If a line below contains the string "epsilon", copy it out.

————————

(* Let $T$ be a perfect binary tree with nonnegative node weights $(x_v)$, let $1\le k\le K$ be integers, $\epsilon>0$, and fix a level $\ell$ of $T$ containing at least $M=\lceil(1+\epsilon)K/\epsilon\rceil$ nodes. For each node $v$ let $T_v$ be the set of descendants of $v$ (including $v$) and $u_v=\sum_{w\in T_v}x_w$. Let $u$ be the $M$-th largest value among $\{u_v: v \text{ at level }\ell\}$ (with multiplicity), let $D=\{v \text{ at level } \ell: u_v<u\}$ and $Z=\bigcup_{v\in D}T_v$. Let $\mathrm{OPT}=\min_{\Omega\in\mathbb{T}_k}\sum_{w\notin\Omega}x_w$ and $\check{\mathrm{OPT}}=\min\{\sum_{w\notin\Omega}x_w:\Omega\in\mathbb{T}_k,\ \Omega\cap Z=\emptyset\}$. Then $\check{\mathrm{OPT}}\le(1+\epsilon)\mathrm{OPT}$.
   Context: $\mathbb{T}_k$ denotes the family of node sets $\Omega\subseteq T$ that contain the root, are closed under taking parents, and satisfy $|\Omega|\le k$. The level of a node is counted from the leaves (leaves are at level 1); all nodes at a given level have the same number of descendants. *)

theory Defs
  imports Complex_Main "HOL-Library.Multiset"
begin

text \<open>Perfect binary tree of height h: nodes are root-to-node paths (bool lists) of
length < h. The root is [], the children of v are v@[False], v@[True]; the parent
of v@[b] is v. Leaves have length h-1.\<close>

definition tree_nodes :: "nat \<Rightarrow> bool list set" where
  "tree_nodes h = {v. length v < h}"

text \<open>Level counted from the leaves: leaves are at level 1, the root at level h.\<close>
definition level :: "nat \<Rightarrow> bool list \<Rightarrow> nat" where
  "level h v = h - length v"

definition level_nodes :: "nat \<Rightarrow> nat \<Rightarrow> bool list set" where
  "level_nodes h l = {v \<in> tree_nodes h. level h v = l}"

definition descendants :: "nat \<Rightarrow> bool list \<Rightarrow> bool list set" where
  "descendants h v = {w \<in> tree_nodes h. \<exists>r. w = v @ r}"

definition rooted_subtrees :: "nat \<Rightarrow> nat \<Rightarrow> bool list set set" where
  "rooted_subtrees h k = {\<Omega>. \<Omega> \<subseteq> tree_nodes h \<and> [] \<in> \<Omega>
      \<and> (\<forall>v b. v @ [b] \<in> \<Omega> \<longrightarrow> v \<in> \<Omega>) \<and> card \<Omega> \<le> k}"

definition cost :: "nat \<Rightarrow> (bool list \<Rightarrow> real) \<Rightarrow> bool list set \<Rightarrow> real" where
  "cost h x \<Omega> = (\<Sum>w \<in> tree_nodes h - \<Omega>. x w)"

definition subtree_weight :: "nat \<Rightarrow> (bool list \<Rightarrow> real) \<Rightarrow> bool list \<Rightarrow> real" where
  "subtree_weight h x v = (\<Sum>w \<in> descendants h v. x w)"

definition mth_largest :: "nat \<Rightarrow> real multiset \<Rightarrow> real" where
  "mth_largest m A = rev (sorted_list_of_multiset A) ! (m - 1)"

end

theory Submission
  imports Defs
begin

text \<open>Take an optimal \<Omega> and cut away the light subtrees, \<Omega>' = \<Omega> - Z; this stays a rooted
subtree because Z is closed downwards and misses the root. If \<Omega> meets the level in s \<le> K
nodes, at most s light subtrees are cut, each of weight below u, so the cost grows by at most
s u. Conversely at least M - s nodes of the level with subtree weight \<ge> u lie outside \<Omega>,
and their disjoint subtrees are entirely uncovered, so OPT \<ge> (M - s) u. Since
(1 + \<epsilon>) s \<le> (1 + \<epsilon>) K \<le> \<epsilon> M, we get s u \<le> \<epsilon> (M - s) u \<le> \<epsilon> OPT.\<close>

lemma finite_tree_nodes: "finite (tree_nodes h)"
proof -
  have "tree_nodes h \<subseteq> {xs. set xs \<subseteq> (UNIV :: bool set) \<and> length xs \<le> h}"
    by (auto simp: tree_nodes_def)
  then show ?thesis
    using finite_lists_length_le[of "UNIV :: bool set" h] finite_subset by auto
qed

lemma descendants_snoc:
  "v \<in> descendants h d \<Longrightarrow> v @ [b] \<in> tree_nodes h \<Longrightarrow> v @ [b] \<in> descendants h d"
  by (auto simp: descendants_def)

lemma descendants_subset_tree_nodes: "descendants h v \<subseteq> tree_nodes h"
  by (auto simp: descendants_def)

lemma finite_descendants: "finite (descendants h v)"
  using descendants_subset_tree_nodes finite_tree_nodes finite_subset by blast

lemma subtree_weight_nonneg:
  assumes "\<forall>w \<in> tree_nodes h. x w \<ge> 0"
  shows "subtree_weight h x v \<ge> 0"
  unfolding subtree_weight_def
  using assms descendants_subset_tree_nodes by (meson subsetD sum_nonneg)

lemma rooted_subtrees_prefix_closed:
  assumes "\<Omega> \<in> rooted_subtrees h k" "v @ r \<in> \<Omega>"
  shows "v \<in> \<Omega>"
  using assms(2)
proof (induction r rule: rev_induct)
  case (snoc b r)
  then have "(v @ r) @ [b] \<in> \<Omega>" by simp
  with assms(1) have "v @ r \<in> \<Omega>"
    unfolding rooted_subtrees_def by blast
  then show ?case by (rule snoc.IH)
qed simp

lemma finite_rooted_subtrees: "finite (rooted_subtrees h k)"
  by (rule finite_subset[of _ "Pow (tree_nodes h)"])
    (auto simp: rooted_subtrees_def finite_tree_nodes)

lemma finite_rooted_subtree: "\<Omega> \<in> rooted_subtrees h k \<Longrightarrow> finite \<Omega>"
  using finite_tree_nodes finite_subset by (auto simp: rooted_subtrees_def)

————————

> **TASK SOLUTION**:
(* Let $T$ be a perfect binary tree with nonnegative node weights $(x_v)$, let $1\le k\le K$ be integers, $\epsilon>0$, and fix a level $\ell$ of $T$ containing at least $M=\lceil(1+\epsilon)K/\epsilon\rceil$ nodes. For each node $v$ let $T_v$ be the set of descendants of $v$ (including $v$) and $u_v=\sum_{w\in T_v}x_w$. Let $u$ be the $M$-th largest value among $\{u_v: v \text{ at level }\ell\}$ (with multiplicity), let $D=\{v \text{ at level } \ell: u_v<u\}$ and $Z=\bigcup_{v\in D}T_v$. Let $\mathrm{OPT}=\min_{\Omega\in\mathbb{T}_k}\sum_{w\notin\Omega}x_w$ and $\check{\mathrm{OPT}}=\min\{\sum_{w\notin\Omega}x_w:\Omega\in\mathbb{T}_k,\ \Omega\cap Z=\emptyset\}$. Then $\check{\mathrm{OPT}}\le(1+\epsilon)\mathrm{OPT}$.
(1 + \<epsilon>) s \<le> (1 + \<epsilon>) K \<le> \<epsilon> M, we get s u \<le> \<epsilon> (M - s) u \<le> \<epsilon> OPT.\<close>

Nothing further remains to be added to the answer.